(Stored data entries)

(* Let $(A, b, c)$ be a rational $k$-level LP instance such that for all $l = 1,\ldots,k-1$ and $i = 1,\ldots,k$, $A_{li} = \begin{pmatrix} A'_{li} \\ A''_{li}\end{pmatrix}$, $b_l = \begin{pmatrix} b'_l \\ b''_l\end{pmatrix}$, with $A'_{li} = 0$ for all $l = 1,\ldots,k-1$, $i = l+1,\ldots,k$. Define a $k$-level LP instance $(\hat{A}, \hat{b}, \hat{c})$ by $\hat{A}_{li} = A''_{li}$, $\hat{b}_l = b''_l$ for all $l = 1,\ldots,k-1$, $i = 1,\ldots,k$, $\hat{c} = c$, and $$\begin{pmatrix}\hat{A}_{k1} & \hat{A}_{k2} & \cdots & \hat{A}_{kk}\end{pmatrix} = \begin{pmatrix} A'_{11} & & & \\ \vdots & \ddots & & \\ A'_{k-1\,1} & & A'_{k-1\,k-1} & \\ A_{k1} & \cdots & A_{k\,k-1} & A_{kk}\end{pmatrix},\qquad \hat{b}_k = \begin{pmatrix} b'_1 \\ \vdots \\ b'_{k-1} \\ b_k\end{pmatrix}.$$ Then the instances $(\hat{A}, \hat{b}, \hat{c})$ and $(A,b,c)$ have the same feasible set and the same optimal objective value.
   Context: A $k$-level LP instance $(A,b,c)$ has data $A_{li} \in \mathbb{Q}^{m_l \times n_i}$, $b_l \in \mathbb{Q}^{m_l}$, $c_{li} \in \mathbb{Q}^{n_i}$. Player $l$ chooses $x_l \in \mathbb{R}^{n_l}$ after players $1,\ldots,l-1$. The $l$-th player's problem, given $x_1,\ldots,x_{l-1}$, is $\inf_{x_l,\ldots,x_k}\{\sum_{i=l}^k c_{li}^\top x_i : \sum_{i=1}^k A_{li}x_i \ge b_l,\ (x_{l+1},\ldots,x_k) \in \mathcal{S}(\text{problem of player } l+1 \text{ given } x_1,\ldots,x_l)\}$, and the $k$-th player's problem is $\inf_{x_k}\{c_{kk}^\top x_k : \sum_{i=1}^k A_{ki}x_i \ge b_k\}$. The instance is identified with the first player's problem; its feasible set and optimal value are those of the first player's problem. $\mathcal{S}(\cdot)$ denotes the optimal solution set (optimistic setting). *)

theory Defs
  imports Complex_Main "HOL-Library.Extended_Real"
begin

text \<open>Levels/players are indexed 1..k, block variables
 x_i has n_i components indexed 0..<n_i, constraint block l has m_l rows
 indexed 0..<m_l.
  A l i r j = entry (r,j) of A_li,  b l r = entry r of b_l,
  c l i j = entry j of c_li.  A point is x :: nat => nat => real with x i j
 the j-th component of x_i.\<close>

record mlp =
  lv :: nat
  nv :: "nat \<Rightarrow> nat"
  mc :: "nat \<Rightarrow> nat"
  Am :: "nat \<Rightarrow> nat \<Rightarrow> nat \<Rightarrow> nat \<Rightarrow> rat"
  bv :: "nat \<Rightarrow> nat \<Rightarrow> rat"
  cv :: "nat \<Rightarrow> nat \<Rightarrow> nat \<Rightarrow> rat"

type_synonym point = "nat \<Rightarrow> nat \<Rightarrow> real"

definition vecs :: "mlp \<Rightarrow> point set" where
  "vecs I = {x. \<forall>i j. (i < 1 \<or> i > lv I \<or> j \<ge> nv I i) \<longrightarrow> x i j = 0}"

definition cons_ok :: "mlp \<Rightarrow> nat \<Rightarrow> point \<Rightarrow> bool" where
  "cons_ok I l x \<longleftrightarrow> (\<forall>r < mc I l.
     (\<Sum>i\<in>{1..lv I}. \<Sum>j<nv I i. real_of_rat (Am I l i r j) * x i j) \<ge> real_of_rat (bv I l r))"

definition obj :: "mlp \<Rightarrow> nat \<Rightarrow> point \<Rightarrow> real" where
  "obj I l x = (\<Sum>i\<in>{l..lv I}. \<Sum>j<nv I i. real_of_rat (cv I l i j) * x i j)"

text \<open>feasr I d x: feasible set of the problem of player l = k - d, given the
 decisions x_1..x_{l-1} of x (levels below l of the returned points agree with x).
 A point y is feasible iff it satisfies constraint block l and, for l < k,
 its part (y_{l+1},...,y_k) is an optimal solution of the problem of player l+1
 given y_1..y_l (optimistic setting).\<close>
primrec feasr :: "mlp \<Rightarrow> nat \<Rightarrow> point \<Rightarrow> point set" where
  "feasr I 0 x = {y \<in> vecs I. (\<forall>i < lv I. y i = x i) \<and> cons_ok I (lv I) y}"
| "feasr I (Suc d) x = {y \<in> vecs I. (\<forall>i < lv I - Suc d. y i = x i)
       \<and> cons_ok I (lv I - Suc d) y
       \<and> y \<in> feasr I d y
       \<and> (\<forall>z \<in> feasr I d y. obj I (lv I - d) y \<le> obj I (lv I - d) z)}"

definition feas_lvl :: "mlp \<Rightarrow> nat \<Rightarrow> point \<Rightarrow> point set" where
  "feas_lvl I l x = feasr I (lv I - l) x"

definition feasible_set :: "mlp \<Rightarrow> point set" where
  "feasible_set I = feas_lvl I 1 (\<lambda>_ _. 0)"

definition opt_value :: "mlp \<Rightarrow> ereal" where
  "opt_value I = (INF y \<in> feasible_set I. ereal (obj I 1 y))"

text \<open>Transformation of the lemma. m' l = number of rows of the primed part A'_l
 (the first m' l rows of block l, for l = 1..k-1).\<close>
definition off :: "(nat \<Rightarrow> nat) \<Rightarrow> nat \<Rightarrow> nat" where
  "off m' l = (\<Sum>t\<in>{1..<l}. m' t)"

definition blk :: "(nat \<Rightarrow> nat) \<Rightarrow> nat \<Rightarrow> nat" where
  "blk m' r = (THE l. 1 \<le> l \<and> off m' l \<le> r \<and> r < off m' (Suc l))"

definition hat :: "mlp \<Rightarrow> (nat \<Rightarrow> nat) \<Rightarrow> mlp" where
  "hat I m' = I\<lparr>
     mc := (\<lambda>l. if 1 \<le> l \<and> l < lv I then mc I l - m' l
               else if l = lv I then off m' (lv I) + mc I (lv I) else mc I l),
     Am := (\<lambda>l i r j. if 1 \<le> l \<and> l < lv I then Am I l i (m' l + r) j
               else if l = lv I then
                 (if r < off m' (lv I) then
                    (let t = blk m' r in if i \<le> t then Am I t i (r - off m' t) j else 0)
                  else Am I l i (r - off m' (lv I)) j)
               else Am I l i r j),
     bv := (\<lambda>l r. if 1 \<le> l \<and> l < lv I then bv I l (m' l + r)
               else if l = lv I then
                 (if r < off m' (lv I) then
                    (let t = blk m' r in bv I t (r - off m' t))
                  else bv I l (r - off m' (lv I)))
               else bv I l r)\<rparr>"

end

theory Submission
  imports Defs
begin

text \<open>
  The primed rows of level l only involve x_1, ..., x_l, which are fixed for every
  player below l. Inside the problem of player l + 1, given x_1, ..., x_l, they are
  therefore either satisfied by all candidate points or by none, and moving them
  to the last level leaves every optimal solution set, and hence the feasible set
  of the instance, unchanged. Formally, by induction from the last level upwards,
  the level-l feasible set of the transformed instance is that of the original one
  intersected with the primed rows of the levels above l.
\<close>

definition row_sat :: "mlp \<Rightarrow> nat \<Rightarrow> nat \<Rightarrow> point \<Rightarrow> bool" where
  "row_sat I l r y \<longleftrightarrow>
     (\<Sum>i\<in>{1..lv I}. \<Sum>j<nv I i. real_of_rat (Am I l i r j) * y i j) \<ge> real_of_rat (bv I l r)"

definition primed_rows_sat :: "mlp \<Rightarrow> (nat \<Rightarrow> nat) \<Rightarrow> nat \<Rightarrow> point \<Rightarrow> bool" where
  "primed_rows_sat I m' l y \<longleftrightarrow> (\<forall>t. 1 \<le> t \<longrightarrow> t < l \<longrightarrow> (\<forall>r < m' t. row_sat I t r y))"

lemma all_less_add_iff:
  "(\<forall>r < a + b. P (r::nat)) \<longleftrightarrow> (\<forall>r < a. P r) \<and> (\<forall>r < b. P (a + r))"
  by (metis add_less_cancel_left le_add_diff_inverse not_le trans_less_add1)

lemma cons_ok_iff_row_sat: "cons_ok I l y \<longleftrightarrow> (\<forall>r < mc I l. row_sat I l r y)"
  by (simp add: cons_ok_def row_sat_def)

lemma primed_rows_sat_Suc:
  "1 \<le> l \<Longrightarrow> primed_rows_sat I m' (Suc l) y \<longleftrightarrow> primed_rows_sat I m' l y \<and> (\<forall>r < m' l. row_sat I l r y)"
  unfolding primed_rows_sat_def using less_Suc_eq by auto

lemma feasr_agrees_below: "z \<in> feasr I d y \<Longrightarrow> \<forall>i < lv I - d. z i = y i"
  by (cases d) auto

lemma off_mono: "a \<le> b \<Longrightarrow> off m' a \<le> off m' b"
  unfolding off_def by (rule sum_mono2) auto

lemma off_Suc: "1 \<le> t \<Longrightarrow> off m' (Suc t) = off m' t + m' t"
  unfolding off_def by simp

lemma blk_eqI:
  assumes "1 \<le> t" "off m' t \<le> r" "r < off m' (Suc t)"
  shows "blk m' r = t"
  unfolding blk_def
proof (rule the_equality)
  fix l assume l: "1 \<le> l \<and> off m' l \<le> r \<and> r < off m' (Suc l)"
  show "l = t"
  proof (rule ccontr)
    assume "l \<noteq> t"
    then consider "Suc l \<le> t" | "Suc t \<le> l" by linarith
    then show False
      by cases (use l assms off_mono[of "Suc l" t m'] off_mono[of "Suc t" l m'] in linarith)+
  qed
qed (use assms in auto)

lemma off_block_exists:
  "r < off m' k \<Longrightarrow> \<exists>t. 1 \<le> t \<and> t < k \<and> off m' t \<le> r \<and> r < off m' (Suc t)"
proof (induction k)
  case 0
  then show ?case by (simp add: off_def)
next
  case (Suc k)
  show ?case
  proof (cases "k = 0")
    case True
    then show ?thesis using Suc.prems by (simp add: off_def)
  next
    case False
    then have k: "1 \<le> k" by simp
    show ?thesis
    proof (cases "r < off m' k")
      case True
      then show ?thesis using Suc.IH by (auto intro: less_SucI)
    next
      case False
      then show ?thesis using Suc.prems k by (intro exI[of _ k]) auto
    qed
  qed
qed

lemma lv_hat [simp]: "lv (hat I m') = lv I"
  and nv_hat [simp]: "nv (hat I m') = nv I"
  and cv_hat [simp]: "cv (hat I m') = cv I"
  by (simp_all add: hat_def)

lemma obj_hat [simp]: "obj (hat I m') = obj I"
  by (intro ext) (simp add: obj_def)

lemma vecs_hat [simp]: "vecs (hat I m') = vecs I"
  by (simp add: vecs_def)

lemma row_sat_hat_last_unprimed:
  "off m' (lv I) \<le> r \<Longrightarrow> row_sat (hat I m') (lv I) r y \<longleftrightarrow> row_sat I (lv I) (r - off m' (lv I)) y"
  by (simp add: row_sat_def hat_def)

locale primed_split =
  fixes I :: mlp and m' :: "nat \<Rightarrow> nat"
  assumes primed_le_mc: "\<And>l. 1 \<le> l \<Longrightarrow> l < lv I \<Longrightarrow> m' l \<le> mc I l"
    and primed_upper_zero: "\<And>l i r j. 1 \<le> l \<Longrightarrow> l < lv I \<Longrightarrow> l < i \<Longrightarrow> i \<le> lv I \<Longrightarrow>
           r < m' l \<Longrightarrow> j < nv I i \<Longrightarrow> Am I l i r j = 0"
begin

lemma cons_ok_split:
  assumes "1 \<le> l" "l < lv I"
  shows "cons_ok I l y \<longleftrightarrow>
    (\<forall>r < m' l. row_sat I l r y) \<and> (\<forall>r < mc I l - m' l. row_sat I l (m' l + r) y)"
  using primed_le_mc[OF assms] all_less_add_iff[of "m' l" "mc I l - m' l"]
  by (simp add: cons_ok_iff_row_sat)

lemma cons_ok_hat_below_last:
  "1 \<le> l \<Longrightarrow> l < lv I \<Longrightarrow>
    cons_ok (hat I m') l y \<longleftrightarrow> (\<forall>r < mc I l - m' l. row_sat I l (m' l + r) y)"
  by (simp add: cons_ok_def row_sat_def hat_def)

lemma row_sat_hat_last_primed:
  assumes t: "1 \<le> t" "t < lv I" and r: "off m' t \<le> r" "r < off m' (Suc t)"
  shows "row_sat (hat I m') (lv I) r y \<longleftrightarrow> row_sat I t (r - off m' t) y"
proof -
  have "r < off m' (lv I)" using off_mono[of "Suc t" "lv I" m'] t r by linarith
  moreover have "blk m' r = t" using t r by (intro blk_eqI) auto
  moreover have "r - off m' t < m' t" using r off_Suc[OF t(1), of m'] by linarith
  then have "(\<Sum>j<nv I i. real_of_rat (if i \<le> t then Am I t i (r - off m' t) j else 0) * y i j)
      = (\<Sum>j<nv I i. real_of_rat (Am I t i (r - off m' t) j) * y i j)" if "i \<in> {1..lv I}" for i
    using primed_upper_zero[of t i "r - off m' t"] t that by (intro sum.cong) auto
  ultimately show ?thesis by (simp add: row_sat_def hat_def Let_def)
qed

lemma cons_ok_hat_last:
  "cons_ok (hat I m') (lv I) y \<longleftrightarrow> primed_rows_sat I m' (lv I) y \<and> cons_ok I (lv I) y"
proof -
  have mc_last: "mc (hat I m') (lv I) = off m' (lv I) + mc I (lv I)" by (simp add: hat_def)
  have primed: "(\<forall>r < off m' (lv I). row_sat (hat I m') (lv I) r y) \<longleftrightarrow> primed_rows_sat I m' (lv I) y"
  proof
    assume hat_sat: "\<forall>r < off m' (lv I). row_sat (hat I m') (lv I) r y"
    show "primed_rows_sat I m' (lv I) y"
      unfolding primed_rows_sat_def
    proof (intro allI impI)
      fix t r assume t: "1 \<le> t" "t < lv I" and r: "r < m' t"
      have "off m' t + r < off m' (Suc t)" using off_Suc[OF t(1)] r by simp
      moreover have "off m' (Suc t) \<le> off m' (lv I)" using t by (intro off_mono) simp
      ultimately show "row_sat I t r y"
        using hat_sat row_sat_hat_last_primed[OF t, of "off m' t + r"] by force
    qed
  next
    assume primed_sat: "primed_rows_sat I m' (lv I) y"
    show "\<forall>r < off m' (lv I). row_sat (hat I m') (lv I) r y"
    proof (intro allI impI)
      fix r assume "r < off m' (lv I)"
      then obtain t where t: "1 \<le> t" "t < lv I" and r: "off m' t \<le> r" "r < off m' (Suc t)"
        using off_block_exists by blast
      have "r - off m' t < m' t" using r off_Suc[OF t(1), of m'] by linarith
      then show "row_sat (hat I m') (lv I) r y"
        using primed_sat row_sat_hat_last_primed[OF t r] t unfolding primed_rows_sat_def by blast
    qed
  qed
  have unprimed: "(\<forall>r < mc I (lv I). row_sat (hat I m') (lv I) (off m' (lv I) + r) y)
      \<longleftrightarrow> cons_ok I (lv I) y"
    by (simp add: cons_ok_iff_row_sat row_sat_hat_last_unprimed)
  show ?thesis
    unfolding cons_ok_iff_row_sat[of "hat I m'"] mc_last all_less_add_iff primed unprimed ..
qed

lemma primed_rows_sat_cong:
  assumes "\<forall>i<l. y i = x i" "l \<le> lv I"
  shows "primed_rows_sat I m' l y \<longleftrightarrow> primed_rows_sat I m' l x"
proof -
  have "row_sat I t r y \<longleftrightarrow> row_sat I t r x" if "1 \<le> t" "t < l" "r < m' t" for t r
  proof -
    have "real_of_rat (Am I t i r j) * y i j = real_of_rat (Am I t i r j) * x i j"
      if "i \<in> {1..lv I}" "j < nv I i" for i j
      using assms primed_upper_zero[of t i r j] \<open>1 \<le> t\<close> \<open>t < l\<close> \<open>r < m' t\<close> that
      by (cases "i \<le> t") auto
    then show ?thesis unfolding row_sat_def by (metis (no_types, lifting) lessThan_iff sum.cong)
  qed
  then show ?thesis unfolding primed_rows_sat_def by blast
qed

lemma feasr_hat:
  "d < lv I \<Longrightarrow> feasr (hat I m') d x = {y \<in> feasr I d x. primed_rows_sat I m' (lv I - d) y}"
proof (induction d arbitrary: x)
  case 0
  then show ?case by (auto simp: cons_ok_hat_last)
next
  case (Suc d)
  define l where "l = lv I - Suc d"
  have l: "1 \<le> l" "l < lv I" "lv I - d = Suc l" using Suc.prems by (auto simp: l_def)
  have follower: "feasr (hat I m') d y = (if primed_rows_sat I m' (Suc l) y then feasr I d y else {})" for y
  proof -
    have "primed_rows_sat I m' (Suc l) z \<longleftrightarrow> primed_rows_sat I m' (Suc l) y" if "z \<in> feasr I d y" for z
      using primed_rows_sat_cong[of "Suc l" z y] feasr_agrees_below[OF that] l by simp
    then show ?thesis using Suc.IH[of y] Suc.prems l by auto
  qed
  show ?case
    unfolding feasr.simps lv_hat vecs_hat obj_hat l_def[symmetric] l(3) follower
      cons_ok_hat_below_last[OF l(1,2)] cons_ok_split[OF l(1,2)]
    using primed_rows_sat_Suc[OF l(1)] by auto
qed

end

theorem lemma3p4:
  fixes I :: mlp and m' :: "nat \<Rightarrow> nat"
  assumes "lv I \<ge> 1"
    and "\<And>l. 1 \<le> l \<Longrightarrow> l < lv I \<Longrightarrow> m' l \<le> mc I l"
    and "\<And>l i r j. 1 \<le> l \<Longrightarrow> l < lv I \<Longrightarrow> l < i \<Longrightarrow> i \<le> lv I \<Longrightarrow> r < m' l \<Longrightarrow>
           j < nv I i \<Longrightarrow> Am I l i r j = 0"
  shows "feasible_set (hat I m') = feasible_set I \<and> opt_value (hat I m') = opt_value I"
proof -
  interpret primed_split I m' using assms(2,3) by unfold_locales
  have "feasible_set (hat I m') = feasible_set I"
    unfolding feasible_set_def feas_lvl_def lv_hat
    using feasr_hat[of "lv I - 1" "\<lambda>_ _. 0"] assms(1) by (simp add: primed_rows_sat_def)
  then show ?thesis by (simp add: opt_value_def)
qed

end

Task prompt:
A count is needed of the lines in this data that contain "constraint"; give the number and no other text.

Response to this exercise:
2